Step 4: Full-Thickness SSP Defects Creation Through Middle-Lateral Mini-Incision

The entire detached SSP tendon was pulled out from the longitudinal mini-incision (Fig 7A), and the distal half of the tendon portion was cut using a #15-blade scalpel to create massive and full-thickness SSP defects (∼10 mm long and ∼3-4 mm wide) (Fig 7B). The SSP tendon was then released and retracted back into the mini-incision.
Fig 7

(A) The detached supraspinatus (SSP) tendon is pulled out from the middle lateral portal using 2 marking sutures (white and yellow asterisks). (B) The distal half portion of the SSP tendon is cut to create full-thickness massive defects.

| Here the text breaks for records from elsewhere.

lemma closure_of_lepoll_Pow_Pow_times:
  assumes theta: "\<And>x. x \<in> topspace X \<Longrightarrow> theta_closure X {x} \<lesssim> N"
  shows "X closure_of A \<lesssim> Pow (Pow A) \<times> N"
proof (rule lepoll_times_if_fibres_lepoll)
  show "nhds_trace X A ` (X closure_of A) \<subseteq> Pow (Pow A)"
    by (auto simp: nhds_trace_def)
  fix q
  show "{x \<in> X closure_of A. nhds_trace X A x = q} \<lesssim> N"
  proof (cases "\<exists>x\<^sub>0 \<in> X closure_of A. nhds_trace X A x\<^sub>0 = q")
    case True
    then obtain x\<^sub>0 where x\<^sub>0: "x\<^sub>0 \<in> X closure_of A" "nhds_trace X A x\<^sub>0 = q"
      by blast
    then have x\<^sub>0X: "x\<^sub>0 \<in> topspace X"
      by (meson closure_of_subset_topspace subsetD)
    have "{x \<in> X closure_of A. nhds_trace X A x = q} \<subseteq> theta_closure X {x\<^sub>0}"
      using theta_closure_if_same_nhds_trace[OF x\<^sub>0X] x\<^sub>0(2) by auto
    then show ?thesis
      using theta[OF x\<^sub>0X] subset_imp_lepoll lepoll_trans by blast
  next
    case False
    then have "{x \<in> X closure_of A. nhds_trace X A x = q} = {}"
      by blast
    then show ?thesis
      by (metis empty_lepoll)
  qed
qed

lemma closure_of_small_lepoll_Pow:
  fixes N :: "'n set" and S :: "'s set" and Z :: "'z set"
  assumes Z: "infinite Z" "Pow S \<lesssim> Z" and N: "N \<lesssim> Pow Z"
    and theta: "\<And>x. x \<in> topspace X \<Longrightarrow> theta_closure X {x} \<lesssim> N"
    and A: "A \<lesssim> S"
  shows "X closure_of A \<lesssim> Pow Z"
proof -
  have PZ: "infinite (Pow Z)"
    using Z(1) by (meson infinite_le_lepoll lepoll_Pow_self lepoll_trans)
  have "Pow A \<lesssim> Z"
    using Pow_lepoll_mono[OF A] Z(2) by (rule lepoll_trans)
  then have "Pow (Pow A) \<times> N \<lesssim> Pow Z"
    by (rule Sigma_lepoll_infinite[OF PZ Pow_lepoll_mono]) (rule N)
  then show ?thesis
    using closure_of_lepoll_Pow_Pow_times[OF theta] lepoll_trans by blast
qed

section \<open>Shapirovskii's lemma\<close>

lemma discrete_subspace_if_isolated:
  assumes "D \<subseteq> topspace X" and "\<And>a. a \<in> D \<Longrightarrow> \<exists>V. openin X V \<and> V \<inter> D = {a}"
  shows "discrete_subspace X D"
proof -
  have "discrete_topology D = subtopology X D"
    unfolding discrete_topology_unique
  proof
    show "topspace (subtopology X D) = D"
      using assms(1) by auto
    show "\<forall>x\<in>D. openin (subtopology X D) {x}"
      using assms(2) unfolding openin_subtopology by metis
  qed
  then show ?thesis
    using assms(1) by (simp add: discrete_subspace_def)
qed

lemma discrete_subspace_if_left_separated:
  assumes "A \<subseteq> topspace X"
    and total: "\<And>a b. a \<in> A \<Longrightarrow> b \<in> A \<Longrightarrow> a \<noteq> b \<Longrightarrow> (a, b) \<in> R \<or> (b, a) \<in> R"
    and left_separated: "\<And>a. a \<in> A \<Longrightarrow> a \<notin> X closure_of {b \<in> A. (b, a) \<in> R}"
    and U: "\<And>a. a \<in> A \<Longrightarrow> openin X (U a) \<and> a \<in> U a"
    and later_outside: "\<And>a b. a \<in> A \<Longrightarrow> b \<in> A \<Longrightarrow> (a, b) \<in> R \<Longrightarrow> b \<notin> U a"
  shows "discrete_subspace X A"
proof (rule discrete_subspace_if_isolated)
  fix a assume a: "a \<in> A"
  obtain W where W: "openin X W" "a \<in> W" "\<And>b. b \<in> A \<Longrightarrow> (b, a) \<in> R \<Longrightarrow> b \<notin> W"
    using left_separated[OF a] a assms(1) unfolding in_closure_of by blast
  have "W \<inter> U a \<inter> A = {a}"
    using W U[OF a] later_outside[OF a] total[OF a] a by blast
  moreover have "openin X (W \<inter> U a)"
    using W(1) U[OF a] by blast
  ultimately show "\<exists>V. openin X V \<and> V \<inter> A = {a}"
    by blast
qed (fact assms(1))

(A) The detached supraspinatus (SSP) tendon is pulled out from the middle lateral portal using 2 marking sutures (white and yellow asterisks). (B) The distal half portion of the SSP tendon is cut to create full-thickness massive defects.

Step 5: Arthroscopic Confirmation

Under monitoring through the M-L viewing portal, the defective SSP tendon was confirmed to retract back into the subacromial space and the humeral head was exposed (Fig 8A, Video 1). This indicates stage-2 retraction of the SSP according to Patte’s classification. We also checked that there were no remaining SSP tendon tissues on the footprint (Fig 8B). We used an ophthalmic micro-tweezer to confirm that the SSP tendon could not be pulled back on the footprint. Therefore, this massive and retracted SSP defects were created.
Fig 8

(A) In the anterolateral view, the supraspinatus (SSP) tendon stump humeral head (HH) and the intra-articular biceps (B) are exposed. (B) No tendon tissue remains on the footprint, and the massive full-thickness SSP defects are confirmed by arthroscope through the middle lateral portal. (C) A micro-tweezer is used to check the retraction of the SSP tendon stump, which could not be pulled back fully onto its native footprint.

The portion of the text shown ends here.